◆ **TASK INSTRUCTIONS**: Your reply should be made up of every line in the records below that holds the string "also".

INFORMATION SUPPLIED Block Start

lemma card_odd_first_divisor_pairs:
  assumes "even N"
  shows "card {(d, e) \<in> divisor_pairs 1 N. d < e \<and> odd (d + e)} = card {(d, e) \<in> divisor_pairs 1 N. odd d}"
proof -
  let ?A = "{(d, e) \<in> divisor_pairs 1 N. d < e \<and> odd (d + e)}" and ?B = "{(d, e) \<in> divisor_pairs 1 N. odd d}"
  let ?f = "\<lambda>(d, e). if odd d then (d, e) else (e, d)" and ?g = "\<lambda>(d, e). (min d e, max d e)"
  have A: "?f (d, e) \<in> ?B \<and> ?g (?f (d, e)) = (d, e)" if "(d, e) \<in> ?A" for d e
    using that by (cases "odd d") (auto simp: divisor_pairs_def mult.commute)
  have B: "?g (d, e) \<in> ?A \<and> ?f (?g (d, e)) = (d, e)" if "(d, e) \<in> ?B" for d e
  proof -
    from that have "d * e = N" "odd d" by (simp_all add: divisor_pairs_def)
    with assms have "even e" by auto
    with \<open>odd d\<close> \<open>d * e = N\<close> show ?thesis
      by (cases "d < e") (auto simp: divisor_pairs_def mult.commute min_def max_def)
  qed
  show ?thesis
    by (rule card_pairs_eq_by_inverse[where f = ?f and g = ?g, OF A B])
qed

lemma card_even_first_divisor_pairs:
  "card {(d, e) \<in> divisor_pairs 1 N. even d} = card (divisor_pairs 2 N)"
proof (rule card_eq_by_inverse[where f = "\<lambda>(d, e). (d div 2, e)" and g = "\<lambda>(d, e). (2 * d, e)"])
  show "(\<lambda>(d, e). (d div 2, e)) ` {(d, e) \<in> divisor_pairs 1 N. even d} \<subseteq> divisor_pairs 2 N"
    by (auto simp: divisor_pairs_def)
qed (auto simp: divisor_pairs_def mult.assoc)

lemma odd_card_mixed_parity_divisor_pairs_iff:
  assumes "0 < N" and "even N"
  shows "odd (card {(d, e) \<in> divisor_pairs 1 N. d < e \<and> odd (d + e)}) \<longleftrightarrow>
         \<not> (is_scaled_square 1 N \<longleftrightarrow> is_scaled_square 2 N)"
proof -
  let ?O = "{(d, e) \<in> divisor_pairs 1 N. odd d}" and ?E = "{(d, e) \<in> divisor_pairs 1 N. even d}"
  have "finite ?O" "finite ?E"
    using finite_divisor_pairs[OF assms(1), of 1] by (auto intro: rev_finite_subset)
  then have "card (?O \<union> ?E) = card ?O + card ?E" by (rule card_Un_disjoint) auto
  moreover have "?O \<union> ?E = divisor_pairs 1 N" by auto
  ultimately have "odd (card ?O + card (divisor_pairs 2 N)) \<longleftrightarrow> is_scaled_square 1 N"
    using odd_card_divisor_pairs_iff[OF assms(1), of 1] card_even_first_divisor_pairs by simp
  then show ?thesis
    using odd_card_divisor_pairs_iff[OF assms(1), of 2] card_odd_first_divisor_pairs[OF assms(2)]
    by auto
qed

section \<open>Partitions with one or two distinct parts\<close>

definition omega_partitions :: "nat \<Rightarrow> nat multiset set" where
  "omega_partitions N = {M. (\<forall>k \<in># M. 0 < k) \<and> sum_mset M = N \<and> M \<noteq> {#} \<and>
                              (\<forall>k \<in># M. odd k \<longrightarrow> k < 2 * Min (set_mset M))}"

lemma member_le_sum_mset: "(k::nat) \<in># M \<Longrightarrow> k \<le> sum_mset M"
  by (metis le_add1 sum_mset.remove)

lemma size_le_sum_mset: "(\<forall>k \<in># M. (0::nat) < k) \<Longrightarrow> size M \<le> sum_mset M"
  by (induction M) auto

lemma finite_omega_partitions: "finite (omega_partitions N)"
proof (rule finite_subset)
  show "omega_partitions N \<subseteq> (\<Union>n\<in>{..N}. multisets_of_size {..N} n)"
    by (auto simp: omega_partitions_def multisets_of_size_def member_le_sum_mset
             dest!: size_le_sum_mset)
qed auto

lemma omega_partitions_0: "omega_partitions 0 = {}"
  by (auto simp: omega_partitions_def) (metis multiset_nonemptyE)

lemma card_sets_containing_Min:
  fixes S :: "'a::linorder set"
  assumes "finite S" and "S \<noteq> {}"
  shows "card {T. T \<subseteq> S \<and> Min S \<in> T} = 2 ^ (card S - 1)"
proof -
  let ?m = "Min S"
  have "?m \<in> S" using assms by simp
  have "{T. T \<subseteq> S \<and> ?m \<in> T} = insert ?m ` Pow (S - {?m})"
  proof (intro equalityI subsetI)
    fix T assume "T \<in> {T. T \<subseteq> S \<and> ?m \<in> T}"
    then have "T = insert ?m (T - {?m})" and "T - {?m} \<in> Pow (S - {?m})" by auto
    then show "T \<in> insert ?m ` Pow (S - {?m})" by (rule image_eqI)
  qed (use \<open>?m \<in> S\<close> in auto)
  moreover have "inj_on (insert ?m) (Pow (S - {?m}))"
    by (rule inj_on_inverseI[where g = "\<lambda>T. T - {?m}"]) auto
  ultimately show ?thesis
    using assms \<open>?m \<in> S\<close> by (simp add: card_image card_Pow)
qed

lemma pbar_omega_eq_sum: "pbar_omega N = (\<Sum>M\<in>omega_partitions N. 2 ^ (card (set_mset M) - 1))"
proof -
  let ?Ovs = "\<lambda>M. {Ov. Ov \<subseteq> set_mset M \<and> Min (set_mset M) \<in> Ov}"
  have "{(M, Ov) \<in> overpartitions N. M \<noteq> {#} \<and> Min (set_mset M) \<in> Ov \<and>
          (\<forall>k \<in># M. odd k \<longrightarrow> k < 2 * Min (set_mset M))} = Sigma (omega_partitions N) ?Ovs"
    unfolding overpartitions_def omega_partitions_def by blast
  then have "pbar_omega N = card (Sigma (omega_partitions N) ?Ovs)"
    by (simp add: pbar_omega_def)
  also have "\<dots> = (\<Sum>M\<in>omega_partitions N. card (?Ovs M))"
    by (rule card_SigmaI) (auto simp: finite_omega_partitions)
  also have "\<dots> = (\<Sum>M\<in>omega_partitions N. 2 ^ (card (set_mset M) - 1))"
    by (rule sum.cong) (auto simp: omega_partitions_def card_sets_containing_Min)
  finally show ?thesis .
qed

lemma mset_eq_replicate_if_set_singleton:
  assumes "set_mset M = {a}"
  shows "M = replicate_mset (size M) a"
proof -
  have "M = replicate_mset (count M a) a"
    by (rule multiset_eqI) (use assms in \<open>auto simp: not_in_iff[symmetric]\<close>)
  then show ?thesis by (metis size_replicate_mset)
qed

lemma mset_eq_replicate_if_set_doubleton:
  assumes "set_mset M = {a, b}" and "a \<noteq> b"
  shows "M = replicate_mset (count M a) a + replicate_mset (count M b) b"
  by (rule multiset_eqI) (use assms in \<open>auto simp: not_in_iff[symmetric]\<close>)

lemma card_omega_partitions_one_part:
  assumes "0 < N"
  shows "card {M \<in> omega_partitions N. card (set_mset M) = 1} = card (divisor_pairs 1 N)"
proof -
  let ?rep = "\<lambda>(d, e). replicate_mset e d" and ?Parts = "{M \<in> omega_partitions N. card (set_mset M) = 1}"
  have "bij_betw ?rep (divisor_pairs 1 N) ?Parts"
  proof (rule bij_betw_byWitness[where f' = "\<lambda>M. (Min (set_mset M), size M)"])
    show "\<forall>x \<in> divisor_pairs 1 N. (Min (set_mset (?rep x)), size (?rep x)) = x"
      using assms by (auto simp: divisor_pairs_def)
    show "?rep ` divisor_pairs 1 N \<subseteq> ?Parts"
      using assms by (auto simp: divisor_pairs_def omega_partitions_def mult.commute)
    have "set_mset M = {Min (set_mset M)}" and "size M * Min (set_mset M) = N" if "M \<in> ?Parts" for M
    proof -
      from that obtain a where a: "set_mset M = {a}" by (auto simp: card_1_singleton_iff)
      then show "set_mset M = {Min (set_mset M)}" by simp
      have "sum_mset M = N" using that by (simp add: omega_partitions_def)
      moreover have "sum_mset M = size M * a"
        using arg_cong[OF mset_eq_replicate_if_set_singleton[OF a], of sum_mset] by simp
      ultimately show "size M * Min (set_mset M) = N" using a by simp
    qed
    then show "\<forall>M \<in> ?Parts. ?rep (Min (set_mset M), size M) = M"
      and "(\<lambda>M. (Min (set_mset M), size M)) ` ?Parts \<subseteq> divisor_pairs 1 N"
      by (auto simp: divisor_pairs_def mult.commute intro: mset_eq_replicate_if_set_singleton[symmetric])
  qed
  then show ?thesis by (simp add: bij_betw_same_card)
qed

INFORMATION SUPPLIED Block End

◆ **ANSWER TO THIS TASK**:
  also have "\<dots> = (\<Sum>M\<in>omega_partitions N. card (?Ovs M))"
  also have "\<dots> = (\<Sum>M\<in>omega_partitions N. 2 ^ (card (set_mset M) - 1))"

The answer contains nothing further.